21 nov 12. Luis Pérez Aguado
Las desgarradoras imágenes que nos llegan estos días de Gaza nos pone la carne de gallina. Aunque, generalmente y por desgracia, sólo se queda en eso. En unos sarpullidos que pronto desaparecen de la piel. Nos impresionan al principio, pero terminamos acostumbrándonos. Quizás sea porque el conflicto nos queda lejos. Lo cierto es que acabamos olvidándonos de las terribles secuencias.
Siempre ha sido así desde que el mundo es mundo. Palabras grandilocuentes al principio, denuncias, censuras, conferencias y, al final, olvido sin haber hecho nada positivo. Resulta paradójico que en el mundo del resplandor de la técnica y de la ciencia no hayamos sabido encontrar el camino de la pacificación.
Nada extraño, por otra parte, si tenemos en cuenta que la mente de gran parte de los habitantes de este planeta está dominada por la suspicacia y la desconfianza, razones y pretextos oportunistas suficientes para que la carrera armamentista fomente las guerras actuales y sirva a la violencia transgrediendo la integridad territorial de los pequeños estados y avivando la ambición desmesurada de los grandes.
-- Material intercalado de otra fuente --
(* Every quasiorder on a set $A$ is the intersection of a family of half-space quasiorders on $A$.
   Context: A quasiorder on $A$ is a reflexive and transitive relation; $\Delta_A=\{(a,a)\mid a\in A\}$. A quasiorder $\alpha$ on $A$ is a half-space if there is a quasiorder $\beta$ on $A$ with $\alpha\cup\beta=A\times A$ and $\alpha\cap\beta=\Delta_A$. *)

theory Defs
  imports Main
begin

definition quasiorder_on :: "'a set \<Rightarrow> 'a rel \<Rightarrow> bool" where
  "quasiorder_on A r \<longleftrightarrow> r \<subseteq> A \<times> A \<and> refl_on A r \<and> trans r"

definition half_space_on :: "'a set \<Rightarrow> 'a rel \<Rightarrow> bool" where
  "half_space_on A \<alpha> \<longleftrightarrow> quasiorder_on A \<alpha> \<and>
     (\<exists>\<beta>. quasiorder_on A \<beta> \<and> \<alpha> \<union> \<beta> = A \<times> A \<and> \<alpha> \<inter> \<beta> = Id_on A)"

end

theory Submission
  imports Defs
begin

text \<open>For any set \<open>U\<close>, the relation ``\<open>x \<in> U\<close> implies \<open>y \<in> U\<close>'' on \<open>A\<close> is a half-space:
  its complementary quasiorder is the identity together with \<open>U \<times> (A - U)\<close>.
  A quasiorder \<open>\<alpha>\<close> is the intersection of these half-spaces for \<open>U\<close> ranging over the
  principal up-sets \<open>\<alpha> `` {a}\<close>: if \<open>(x, y)\<close> lies in all of them, take \<open>a = x\<close>;
  reflexivity gives \<open>x \<in> \<alpha> `` {x}\<close>, hence \<open>y \<in> \<alpha> `` {x}\<close>.\<close>

definition cut_quasiorder :: "'a set \<Rightarrow> 'a set \<Rightarrow> 'a rel" where
  "cut_quasiorder A U = {(x, y) \<in> A \<times> A. x \<in> U \<longrightarrow> y \<in> U}"

lemma half_space_on_cut_quasiorder: "half_space_on A (cut_quasiorder A U)"
proof -
  let ?\<beta> = "{(x, y) \<in> A \<times> A. x = y \<or> (x \<in> U \<and> y \<notin> U)}"
  have "quasiorder_on A (cut_quasiorder A U)"
    unfolding quasiorder_on_def cut_quasiorder_def refl_on_def trans_def by auto
  moreover have "quasiorder_on A ?\<beta>"
    unfolding quasiorder_on_def refl_on_def trans_def by auto
  moreover have "cut_quasiorder A U \<union> ?\<beta> = A \<times> A"
    unfolding cut_quasiorder_def by auto
  moreover have "cut_quasiorder A U \<inter> ?\<beta> = Id_on A"
    unfolding cut_quasiorder_def Id_on_def by auto
  ultimately show ?thesis
    unfolding half_space_on_def by blast
qed

lemma quasiorder_eq_Inter_cut_quasiorders:
  assumes "quasiorder_on A \<alpha>"
  shows "\<alpha> = (A \<times> A) \<inter> (\<Inter>a\<in>A. cut_quasiorder A (\<alpha> `` {a}))"
proof
  have "\<alpha> \<subseteq> A \<times> A" and "trans \<alpha>"
    using assms unfolding quasiorder_on_def by auto
  then show "\<alpha> \<subseteq> (A \<times> A) \<inter> (\<Inter>a\<in>A. cut_quasiorder A (\<alpha> `` {a}))"
    unfolding cut_quasiorder_def trans_def by blast
next
  show "(A \<times> A) \<inter> (\<Inter>a\<in>A. cut_quasiorder A (\<alpha> `` {a})) \<subseteq> \<alpha>"
  proof (rule subrelI)
    fix x y
    assume "(x, y) \<in> (A \<times> A) \<inter> (\<Inter>a\<in>A. cut_quasiorder A (\<alpha> `` {a}))"
    then have "x \<in> A" and "(x, y) \<in> cut_quasiorder A (\<alpha> `` {x})"
      by auto
    moreover have "(x, x) \<in> \<alpha>"
      using assms \<open>x \<in> A\<close> unfolding quasiorder_on_def refl_on_def by blast
    ultimately show "(x, y) \<in> \<alpha>"
      unfolding cut_quasiorder_def by auto
  qed
qed

theorem theorem2p9:
  fixes A :: "'a set" and \<alpha> :: "'a rel"
  assumes "quasiorder_on A \<alpha>"
  shows "\<exists>F. (\<forall>\<gamma>\<in>F. half_space_on A \<gamma>) \<and> \<alpha> = (A \<times> A) \<inter> \<Inter>F"
proof (intro exI conjI)
  let ?F = "(\<lambda>a. cut_quasiorder A (\<alpha> `` {a})) ` A"
  show "\<forall>\<gamma>\<in>?F. half_space_on A \<gamma>"
    using half_space_on_cut_quasiorder by blast
  show "\<alpha> = (A \<times> A) \<inter> \<Inter>?F"
    using quasiorder_eq_Inter_cut_quasiorders[OF assms] .
qed

end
Los encarcelamientos políticos o la censura previa son perfectamente identificables como atentados a los derechos humanos. Sin embargo, se disculpa mucho más fácilmente la carrera armamentista y el tráfico de armas. Es una actividad callada y pasada por alto por casi la totalidad de los gobiernos, en especial, por los más responsables de esta ciega carrera. Y no nos debe extrañar este silencio si observamos que casi todos están involucrados, como fabricantes unos y como compradores otros, en uno de los más fabulosos negocios del mundo.
Triste panorama de un mundo en que los humanos no tienen tiempo de amarse. Hay odio, rencores, luchas…Todo se redime a través de las trincheras, de las bombas. Falta la paz, la concordia, el entendimiento entre los individuos, entre las clases sociales y los pueblos.
Es ciertamente muy cómodo hablar de violencia sentados tranquilamente. Pero hay un aspecto de la violencia que vence todas las vergüenzas: los niños, los muchachos y muchachas arrojados de bruces sobre esa realidad que le es tan próxima.
Niños solos. Terriblemente solos. Con su llanto, su hambre y su ausencia de familia. Unos rostros sin sonrisas despertados tempranamente de sus sueños. Seres que solo tendrían que pensar en estudiar o en correr tras un balón. En muchas partes de nuestro mundo ya no hay niños ni niñas. Sólo hombres y mujeres de tres o seis años porque en su corto tiempo de vida sólo han visto miedo y dolor, enfermedad y hambre.
Niños a los que manipulan su idealismo. Niños que son reclutados, entrenados, aleccionados y obligados a matar.
Muchos pueblos arrasados. Muchas tumbas anónimas y, entre escombros, unos ojos grandes, enormemente tristes, espantados, ojos de seres inocentes, ojos de miles de peq ueños que no han tenido infancia, ni muñecas, ni balones. Niños, niñas que siguen sin sonrisa. Y un niño que no sonríe, no es un niño.
Eso es lo terrible: hacer desaparecer la sonrisa de un niño.